Dear moon, Today is not the full-moon day. That's why you are not showing all of your face. One fourth of your body is covered with darkness or may be with shyness. I watched you very carefully just few minutes ago. I saw you really unstable and blushed to see me after long silence. While I was watching you continuously, your face was like of a Nepali women, who meets her husband after 6 years, who is back from earning money in the Gulf. When you and me were confronting after this much long period, there were everything shining on your face, there were beauty, there were surprise, there were shyness, and obviously there were a fear of loosing me again.
I really miss a moment of childhood.
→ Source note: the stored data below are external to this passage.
(* Let $d\in\mathbb{N}$, $K=\mathbb{N}_0^d$ or $K=\mathbb{Z}^d$, $(\Omega,\mathcal F,P)$ a probability space with a $d$-parameter semigroup (group if $K=\mathbb{Z}^d$) $(\theta_k)_{k\in K}$ of $P$-preserving transformations, $(M,\mathcal B,\mu)$ a probability space, $\tau$ a $\mu$-preserving transformation of $M$ that is periodic with period $q\in\mathbb{N}$ (i.e. $\tau^q=\mathrm{Id}$), $\kappa:M\to K$ measurable and $\kappa_n=\sum_{i=0}^{n-1}\kappa\circ\tau^i$. Let $F\in L^1(M\times\Omega,\mathcal B\otimes\mathcal F,\mu\otimes P)$ and, for $t\in M$, let $\mathcal J_t$ be the $\sigma$-algebra of $\theta_{\kappa_q(t)}$-invariant sets in $\mathcal F$. Then for $\mu$-almost all $t\in M$, $$\frac1n\sum_{i=0}^{n-1}F\big(\tau^i(t),\theta_{\kappa_i(t)}\omega\big)\to\frac1q\sum_{\nu=0}^{q-1}E\big[F\big(\tau^\nu(t),\theta_{\kappa_\nu(t)}(\cdot)\big)\,\big|\,\mathcal J_t\big](\omega)\quad(n\to\infty)$$ for $P$-almost all $\omega\in\Omega$ and in $L^1(P)$. If moreover $\theta_{\kappa_q(t)}$ is ergodic with respect to $P$ for $\mu$-almost all $t\in M$, then the limit equals the constant $\frac1q\sum_{\nu=0}^{q-1}E\big[F(\tau^\nu(t),\cdot)\big]$.
   Context: A semigroup of measure-preserving transformations: each $\theta_k$ measurable and $P$-preserving, $\theta_0=\mathrm{Id}$, $\theta_k\circ\theta_l=\theta_{k+l}$ (and $\theta_{-k}=\theta_k^{-1}$ in the group case). $E$ denotes expectation with respect to $P$. *)

theory Defs
  imports "HOL-Probability.Probability"
begin

definition invariant_sets :: "'a measure \<Rightarrow> ('a \<Rightarrow> 'a) \<Rightarrow> 'a set set" where
  "invariant_sets P T = {A \<in> sets P. T -` A \<inter> space P = A}"

text \<open>The sigma-algebra of T-invariant sets (as a measurable space on space P;
  only its sets matter for conditional expectation).\<close>
definition invariant_sigma :: "'a measure \<Rightarrow> ('a \<Rightarrow> 'a) \<Rightarrow> 'a measure" where
  "invariant_sigma P T = sigma (space P) (invariant_sets P T)"

definition ergodic :: "'a measure \<Rightarrow> ('a \<Rightarrow> 'a) \<Rightarrow> bool" where
  "ergodic P T \<longleftrightarrow> (\<forall>A \<in> invariant_sets P T. measure P A = 0 \<or> measure P A = 1)"

definition meas_preserving :: "'a measure \<Rightarrow> ('a \<Rightarrow> 'a) \<Rightarrow> bool" where
  "meas_preserving P T \<longleftrightarrow> T \<in> P \<rightarrow>\<^sub>M P \<and> distr P P T = P"

end

theory Submission
  imports Defs
begin

text \<open>Fix \<open>t\<close> with \<open>(\<tau> ^^ q) t = t\<close> and put \<open>T = \<theta> (\<kappa>s q t)\<close> and
  \<open>f\<^sub>\<nu> = F ((\<tau> ^^ \<nu>) t, \<theta> (\<kappa>s \<nu> t) \<cdot>)\<close>. Since \<open>\<kappa>s (q j + \<nu>) t = \<kappa>s \<nu> t + j \<kappa>s q t\<close>,
  the summand with index \<open>q j + \<nu>\<close> is \<open>f\<^sub>\<nu> (T\<^sup>j \<omega>)\<close>: every complete round of \<open>q\<close> summands is one
  term of the Birkhoff sum of \<open>g = \<Sum>\<^sub>\<nu> f\<^sub>\<nu>\<close> under \<open>T\<close>, and the incomplete last round is \<open>o(n)\<close>.
  Birkhoff's ergodic theorem for the single map \<open>T\<close>, proved from Hopf's maximal ergodic theorem,
  gives convergence almost everywhere and in \<open>L\<^sup>1\<close> to \<open>E[g | \<J>\<^sub>t] / q\<close>, and
  \<open>E[g | \<J>\<^sub>t] = \<Sum>\<^sub>\<nu> E[f\<^sub>\<nu> | \<J>\<^sub>t]\<close>. By Fubini the sections \<open>F ((\<tau> ^^ \<nu>) t, \<cdot>)\<close> are integrable for
  \<open>\<mu>\<close>-almost every \<open>t\<close>; under ergodicity \<open>E[f\<^sub>\<nu> | \<J>\<^sub>t]\<close> is the constant \<open>E f\<^sub>\<nu>\<close>, which equals
  \<open>E F ((\<tau> ^^ \<nu>) t, \<cdot>)\<close> because \<open>\<theta> (\<kappa>s \<nu> t)\<close> preserves \<open>P\<close>.\<close>

section \<open>Birkhoff sums\<close>

definition birkhoff_sum :: "('a \<Rightarrow> 'a) \<Rightarrow> ('a \<Rightarrow> 'b::comm_monoid_add) \<Rightarrow> nat \<Rightarrow> 'a \<Rightarrow> 'b" where
  "birkhoff_sum T f n x = (\<Sum>i<n. f ((T ^^ i) x))"

definition birkhoff_avg :: "('a \<Rightarrow> 'a) \<Rightarrow> ('a \<Rightarrow> real) \<Rightarrow> nat \<Rightarrow> 'a \<Rightarrow> real" where
  "birkhoff_avg T f n x = birkhoff_sum T f n x / real n"

fun birkhoff_max :: "('a \<Rightarrow> 'a) \<Rightarrow> ('a \<Rightarrow> real) \<Rightarrow> nat \<Rightarrow> 'a \<Rightarrow> real" where
  "birkhoff_max T f 0 x = 0"
| "birkhoff_max T f (Suc n) x = max (birkhoff_max T f n x) (birkhoff_sum T f (Suc n) x)"

lemma birkhoff_sum_0 [simp]: "birkhoff_sum T f 0 x = 0"
  by (simp add: birkhoff_sum_def)

lemma birkhoff_sum_Suc_shift: "birkhoff_sum T f (Suc n) x = f x + birkhoff_sum T f n (T x)"
  unfolding birkhoff_sum_def sum.lessThan_Suc_shift by (simp add: funpow_Suc_right del: funpow.simps)

lemma birkhoff_sum_eq_mult_avg: "birkhoff_sum T f n x = real n * birkhoff_avg T f n x"
  by (cases "n = 0") (simp_all add: birkhoff_avg_def)

lemma birkhoff_sum_uminus: "birkhoff_sum T (\<lambda>x. - f x) n x = - birkhoff_sum T f n x"
  for f :: "'a \<Rightarrow> 'b::ab_group_add"
  by (simp add: birkhoff_sum_def sum_negf)

lemma birkhoff_avg_uminus: "birkhoff_avg T (\<lambda>x. - f x) n x = - birkhoff_avg T f n x"
  by (simp add: birkhoff_avg_def birkhoff_sum_uminus)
One day, I was on my Mom's lap and crying. My mom was showing me the most beautiful thing in this world to make me happy, and it was you dear moon. I think I was fallen to your beauty when I was just 4 years ago. When my mom showed me you face, I created more trouble in spite of being happy. I asked my mom the way to reach your town. Later in my youngerhood I started realizing the distance and impossibilities of touching you. The more I realized the distance, the more I started loving you. You taught me to dream, you taught me to smile.
Dear moon, I love your beauty as well as the blotch on your face. I love your calmness as well as the violent tide in the full moon day created by you. I love your consistency, as well as the frequency of your movement. I love your strong power to remain calm, beautiful, shinning and source of inspiration in this cold night of midwinter.
Dear moon, you are great because you love to be challenged. You love to be frictioned with the coldness outside. you love darkness so that you can show the world how beautiful you are. This nature of accepting the darkness is the only reason behind your beauty and greatness. Dear moon, sometimes try to show your appearance in the daylight, you doesn't matter to anybody. even not to myself.
The Earth
the moon, as for you, is always the source of inspirations to me too.